As a general rule, we think profitable companies are less risky than companies that lose money. Having said that, sometimes statutory profit levels are not a good guide to ongoing profitability, because some short term one-off factor has impacted profit levels. In this article, we'll look at how useful this year's statutory profit is, when analysing Ohki Healthcare HoldingsLtd (TYO:3417).
While Ohki Healthcare HoldingsLtd was able to generate revenue of JP¥282.9b in the last twelve months, we think its profit result of JP¥3.19b was more important. In the chart below, you can see that its profit and revenue have both grown over the last three years.
Check out our latest analysis for Ohki Healthcare HoldingsLtd
Of course, when it comes to statutory profit, the devil is often in the detail, and we can get a better sense for a company by diving deeper into the financial statements. Today, we'll discuss Ohki Healthcare HoldingsLtd's free cashflow relative to its earnings, and consider what that tells us about the company. Note: we always recommend investors check balance sheet strength. Click here to be taken to our balance sheet analysis of Ohki Healthcare HoldingsLtd.
Examining Cashflow Against Ohki Healthcare HoldingsLtd's Earnings
Many investors haven't heard of the accrual ratio from cashflow, but it is actually a useful measure of how well a company's profit is backed up by free cash flow (FCF) during a given period. In plain english, this ratio subtracts FCF from net profit, and divides that number by the company's average operating assets over that period. This ratio tells us how much of a company's profit is not backed by free cashflow.
That means a negative accrual ratio is a good thing, because it shows that the company is bringing in more free cash flow than its profit would suggest. While it's not a problem to have a positive accrual ratio, indicating a certain level of non-cash profits, a high accrual ratio is arguably a bad thing, because it indicates paper profits are not matched by cash flow. Notably, there is some academic evidence that suggests that a high accrual ratio is a bad sign for near-term profits, generally speaking.
For the year to September 2020, Ohki Healthcare HoldingsLtd had an accrual ratio of 0.20. Therefore, we know that it's free cashflow was significantly lower than its statutory profit, which is hardly a good thing. Over the last year it actually had negative free cash flow of JP¥1.5b, in contrast to the aforementioned profit of JP¥3.19b. We also note that Ohki Healthcare HoldingsLtd's free cash flow was actually negative last year as well, so we could understand if shareholders were bothered by its outflow of JP¥1.5b.

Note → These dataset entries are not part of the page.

lemma fPhi_has_derivative_1:
  assumes u: "u \<noteq> 0"
  shows "((\<lambda>t. fPhi g t y) has_real_derivative - fh g * y * sgn u / fB g u y) (at u)"
proof -
  define h r where "h = fh g" and "r = \<bar>u\<bar>"
  have h: "h > 0" and r: "r > 0" and B: "fB g u y = (y + g * r / 2)\<^sup>2 + (h * r)\<^sup>2"
    using fh_pos u by (simp_all add: h_def r_def fB_eq_sum_squares fA_def fq_def)
  have "((\<lambda>r. arctan ((y + g * r / 2) / (h * r))) has_real_derivative - h * y / fB g u y) (at r)"
    using r h fB_pos[OF u] unfolding B
    by (auto intro!: derivative_eq_intros simp: field_simps power2_eq_square)
  from DERIV_chain2[OF this[unfolded r_def] has_real_derivative_abs[OF u]]
  have "((\<lambda>t. arctan ((y + g * \<bar>t\<bar> / 2) / (h * \<bar>t\<bar>))) has_real_derivative - h * y * sgn u / fB g u y) (at u)"
    by simp
  then show ?thesis unfolding h_def
    by (rule has_field_derivative_transform_within_open[of _ _ _ "- {0}"])
      (use u in \<open>auto simp: fPhi_off_axis\<close>)
qed

lemma fPhi_has_derivative_2:
  assumes u: "u \<noteq> 0"
  shows "((\<lambda>t. fPhi g u t) has_real_derivative fh g * \<bar>u\<bar> / fB g u y) (at y)"
proof -
  have B: "fB g u y = (y + g * \<bar>u\<bar> / 2)\<^sup>2 + (fh g * \<bar>u\<bar>)\<^sup>2"
    by (simp add: fB_eq_sum_squares fA_def fq_def)
  show ?thesis
    unfolding fPhi_off_axis[OF u] using u fh_pos fB_pos[OF u] unfolding B
    by (auto intro!: derivative_eq_intros simp: field_simps power2_eq_square)
qed

lemma fJ_squared_has_derivative_1:
  assumes "u \<noteq> 0"
  shows "((\<lambda>t. (fJ g t y)\<^sup>2) has_real_derivative - g * y * sgn u * (fJ g u y)\<^sup>2 / fB g u y) (at u)"
proof -
  have "((\<lambda>t. exp (fG g * fPhi g t y)) has_real_derivative
      exp (fG g * fPhi g u y) * (fG g * (- fh g * y * sgn u / fB g u y))) (at u)"
    by (intro DERIV_chain2[OF DERIV_exp] DERIV_cmult fPhi_has_derivative_1 assms)
  then show ?thesis
    unfolding fJ_squared using fh_pos by (simp add: fG_def mult_ac)
qed

lemma fJ_squared_has_derivative_2:
  assumes "u \<noteq> 0"
  shows "((\<lambda>t. (fJ g u t)\<^sup>2) has_real_derivative g * \<bar>u\<bar> * (fJ g u y)\<^sup>2 / fB g u y) (at y)"
proof -
  have "((\<lambda>t. exp (fG g * fPhi g u t)) has_real_derivative
      exp (fG g * fPhi g u y) * (fG g * (fh g * \<bar>u\<bar> / fB g u y))) (at y)"
    by (intro DERIV_chain2[OF DERIV_exp] DERIV_cmult fPhi_has_derivative_2 assms)
  then show ?thesis
    unfolding fJ_squared using fh_pos by (simp add: fG_def mult_ac)
qed

lemma Ksq_has_derivative_1_off_axis:
  assumes u: "u \<noteq> 0"
  shows "((\<lambda>t. Ksq g t y) has_real_derivative 2 * u * (fJ g u y)\<^sup>2) (at u)"
proof -
  have "((\<lambda>t. fB g t y) has_real_derivative g * sgn u * y + 2 * u) (at u)"
    unfolding fB_def fq_def using u by (auto intro!: derivative_eq_intros has_real_derivative_abs)
  from DERIV_mult[OF this fJ_squared_has_derivative_1[of u y, OF u]]
  show ?thesis
    unfolding Ksq_eq using fB_pos[OF u, of y] by (simp add: algebra_simps less_imp_neq)
qed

Our Take On Ohki Healthcare HoldingsLtd's Profit Performance
Ohki Healthcare HoldingsLtd's accrual ratio for the last twelve months signifies cash conversion is less than ideal, which is a negative when it comes to our view of its earnings. Because of this, we think that it may be that Ohki Healthcare HoldingsLtd's statutory profits are better than its underlying earnings power. But on the bright side, its earnings per share have grown at an extremely impressive rate over the last three years. At the end of the day, it's essential to consider more than just the factors above, if you want to understand the company properly. With this in mind, we wouldn't consider investing in a stock unless we had a thorough understanding of the risks. In terms of investment risks, we've identified 1 warning sign with Ohki Healthcare HoldingsLtd, and understanding this should be part of your investment process.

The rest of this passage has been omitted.